Green Consumerism

Green consumerism

Are you trying to become a greener consumer day by day? What alternative products or services, that respect the planet and workers, have already become part of your shopping habits? Green consumerism is here to stay!

Some of Ludo’s green shopping and everyday habits

Ludo has started buying fairtrade food such as bananas, coffee, chocolate, organic free-range eggs and fish from sustainable resources.

She only eats meat or has dairy products when they offered on special occasions as she is switching to a flexitarian diet where protein comes mainly from pulses, seeds and vegetables.

To wash the dishes or clothes her flatmates and her typically use natural cleaners that don’t harm our health and the sea. They sometimes buy recycled toilet paper too.

Green consumerism

Organic soap bought by Ludo when on holiday near Marseille last summer.

When using the washing machine she puts her clothes in a bag that collects microplastics which can be discharged from synthetic clothes.

She swapped her plastic toothbrush to a bamboo one and she makes her own homemade toothpaste. Although, there are eco brands that sell it in a pill form or as a paste in glass jars.

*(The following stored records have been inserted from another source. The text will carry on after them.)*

lemma diag_fourier_eq_fourier:
  "diag_fourier G m u = e2pi (- (of_int m * u\<^sup>2)) * fourier (\<lambda>t. G (t + u, t)) (2 * u * of_int m)"
proof -
  have integrand: "G (t + u, t) * e2pi (- (of_int m * (u\<^sup>2 + 2 * u * t)))
      = e2pi (- (of_int m * u\<^sup>2)) * (G (t + u, t) * e2pi (- (2 * u * of_int m * t)))" for t
    by (simp add: e2pi_add[symmetric] algebra_simps)
  show ?thesis
    unfolding diag_fourier_def fourier_def integrand by simp
qed

lemma coef_eq_fourier_diag_fourier:
  assumes \<phi>: "\<forall>x\<in>{0..1}. \<phi> x = 1"
  shows "coef \<phi> G n m = fourier (diag_fourier G m) (of_int n)"
proof -
  define K where "K z = G z * e2pi (- (of_int n * (fst z - snd z) + of_int m * ((fst z)\<^sup>2 - (snd z)\<^sup>2)))"
    for z
  have K_measurable: "K \<in> borel_measurable (borel \<Otimes>\<^sub>M borel)"
    unfolding K_def by measurable
  have phinm: "phinm \<phi> n m x = e2pi (of_int n * x + of_int m * x\<^sup>2)" if "x \<in> {0..1}" for x
    using \<phi> that unfolding phinm_def e2pi_def by (simp add: exp_add[symmetric] algebra_simps)
  have "coef \<phi> G n m = (\<integral>z. K z \<partial>lborel)"
    unfolding coef_def
  proof (intro Bochner_Integration.integral_cong refl)
    fix z :: "real \<times> real"
    show "G z * cnj (phinm \<phi> n m (fst z) * cnj (phinm \<phi> n m (snd z))) = K z"
      using support_G[of "fst z" "snd z"]
      by (cases "G z = 0") (auto simp: K_def phinm cnj_e2pi e2pi_add[symmetric] algebra_simps)
  qed
  also have "\<dots> = (\<integral>u. \<integral>t. K (t + u, t) \<partial>lborel \<partial>lborel)"
  proof (rule integral_lborel_shear[symmetric])
    show "integrable lborel K"
      by (rule integrable_bounded_support[where C=B and a="(0, 0)" and b="(1, 1)"])
         (use K_measurable in \<open>auto simp: K_def norm_mult norm_G_le borel_prod cbox_Pair_eq
            split_beta dest!: support_G\<close>)
  qed
  also have "\<dots> = fourier (diag_fourier G m) (of_int n)"
  proof -
    have "K (t + u, t) = e2pi (- (of_int n * u)) * (G (t + u, t) * e2pi (- (of_int m * (u\<^sup>2 + 2 * u * t))))"
      for t u
      unfolding K_def by (simp add: e2pi_add[symmetric] power2_eq_square algebra_simps)
    then show ?thesis
      by (simp add: diag_fourier_def fourier_def mult.commute)
  qed
  finally show ?thesis .
qed

lemma nn_integral_coef_le:
  assumes \<phi>: "\<forall>x\<in>{0..1}. \<phi> x = 1"
  shows "(\<integral>\<^sup>+n. ennreal ((cmod (coef \<phi> G n m))\<^sup>2) \<partial>count_space UNIV)
           \<le> 2 * (\<integral>\<^sup>+u. ennreal ((cmod (diag_fourier G m u))\<^sup>2) \<partial>lborel)"
  using bessel_inequality[OF integrable_diag_fourier, where a="-1" and L=2 and \<omega>=1 and j=2]
  by (simp add: coef_eq_fourier_diag_fourier[OF \<phi>] diag_fourier_eq_0)

lemma nn_integral_diag_fourier_le:
  assumes u: "u \<noteq> 0"
  shows "(\<integral>\<^sup>+m. ennreal ((cmod (diag_fourier G m u))\<^sup>2) \<partial>count_space UNIV)
           \<le> ennreal (1 / \<bar>u\<bar>) * (\<integral>\<^sup>+t. ennreal ((cmod (G (t + u, t)))\<^sup>2) \<partial>lborel)"
proof (cases "\<bar>u\<bar> \<le> 1")
  case False
  then have "u \<notin> {-1..1}"
    by auto
  then show ?thesis
    by (simp add: diag_fourier_eq_0)
next
  case True
  have "(\<integral>\<^sup>+m. ennreal ((cmod (fourier (\<lambda>t. G (t + u, t)) (2 * u * of_int m)))\<^sup>2) \<partial>count_space UNIV)
      \<le> ennreal (1 / \<bar>u\<bar>) * (\<integral>\<^sup>+t. ennreal ((cmod (G (t + u, t)))\<^sup>2) \<partial>lborel)"
  proof (rule bessel_inequality[OF integrable_G_shift])
    show "2 * u * (1 / \<bar>u\<bar>) = of_int (if u > 0 then 2 else - 2)"
      using u by simp
    have "1 \<le> 1 / \<bar>u\<bar>"
      using True u by simp
    then show "G (t + u, t) = 0" if "t \<notin> {0..0 + 1 / \<bar>u\<bar>}" for t
      using that by (intro G_eq_0) auto
  qed (use u in auto)
  then show ?thesis
    by (simp add: diag_fourier_eq_fourier norm_mult)
qed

From time to time, she goes to charity shops to see if she can find something of interest such as second-hand books. However, she makes sure she doesn’t buy any unnecessary items or clothes.

Green consumerism

This is one of the best swaps you can make, buy a reusable coffee cup instead of ordering coffee in a single-use take away one

For her bike, she bought a rechargeable USB light to avoid using batteries. For sunny days, she has a power bank which recharges itself by using solar energy. Jon recommended a camping solar panel as it is portable. He uses it on his balcony to top up his power banks and for camping.

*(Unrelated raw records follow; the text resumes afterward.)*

(* Let $R$ be a nonzero commutative ring and let $\mathrm{Rd}(R)$ be endowed with the hull-kernel topology. If $\mathrm{Spec}(R)$ is infinite then $\dim(\mathrm{Rd}(R))=\infty$; if $\mathrm{Spec}(R)$ is finite then $\dim(\mathrm{Rd}(R))=|\mathrm{Spec}(R)|-1$. In all cases $\dim(\mathrm{Rd}(R))\ge\dim(\mathrm{Spec}(R))$. Moreover, if $\mathrm{Spec}(R)$ is linearly ordered by inclusion, then $\dim(\mathrm{Rd}(R))=\dim(\mathrm{Spec}(R))$.
   Context: $\mathrm{Rd}(R)$ is the set of proper radical ideals of $R$; its hull-kernel topology has as subbasis of closed sets the sets $\{H\in\mathrm{Rd}(R)\mid x_1,\dots,x_n\in H\}$ for $x_1,\dots,x_n\in R$. The dimension $\dim$ of a topological space is the supremum of lengths $t$ of chains $Z_0\subsetneq Z_1\subsetneq\dots\subsetneq Z_t$ of irreducible closed subsets; $|\cdot|$ denotes cardinality. *)

theory Defs
  imports "HOL-Analysis.Analysis" "HOL-Algebra.Algebra" "HOL-Library.Extended_Nat"
begin

definition rad_ideal :: "('a, 'b) ring_scheme \<Rightarrow> 'a set \<Rightarrow> 'a set" where
  "rad_ideal R I = {x \<in> carrier R. \<exists>n::nat. x [^]\<^bsub>R\<^esub> n \<in> I}"

definition Rd :: "('a, 'b) ring_scheme \<Rightarrow> 'a set set" where
  "Rd R = {H. ideal H R \<and> H \<noteq> carrier R \<and> rad_ideal R H = H}"

definition Spec :: "('a, 'b) ring_scheme \<Rightarrow> 'a set set" where
  "Spec R = {P. primeideal P R}"

(* hull-kernel topology on a family X of ideals of R: the sets
   {H \<in> X. x1,...,xn \<in> H} (x1..xn \<in> R) form a subbasis of closed sets.
   On Spec R this is the Zariski topology. *)
definition hull_kernel_top :: "('a, 'b) ring_scheme \<Rightarrow> 'a set set \<Rightarrow> 'a set topology" where
  "hull_kernel_top R Fam =
     topology_generated_by ((\<lambda>S. Fam - {H \<in> Fam. S \<subseteq> H}) ` {S. finite S \<and> S \<subseteq> carrier R})"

Green Consumerism? Where can you buy green products?

Fortunately, over the last few years the demand for green products and services has steadily increased, so too, green companies providing them.
Co-op and Sainsbury’s have long been the main supporters of Fairtrade products but now discount supermarkets such as Aldi and Lidl stock a growing fairtrade range. You can also buy products in bulk in zero waste shops which are starting to become widespread in London. Check out this website: to see if you have a store locally. There are a number of online shops where you can buy green products. You should look carefully though, to see if they carbon-offset deliveries and if they use sustainable packaging.

Green consumerism

Reusable food containers made from recycled plastic and BPA free

Lambeth’s air quality improvements

Lambeth's air quality improvements

Lambeth’s air quality improvements have been impressive; it was the first council in London to declare a Climate Emergency. The council actively works with residents to reduce carbon emissions across the borough. They also support active travel and they are investing in green and renewable energy. In addition to this, they are installing charging points for electric vehicles and planting trees, among other things. 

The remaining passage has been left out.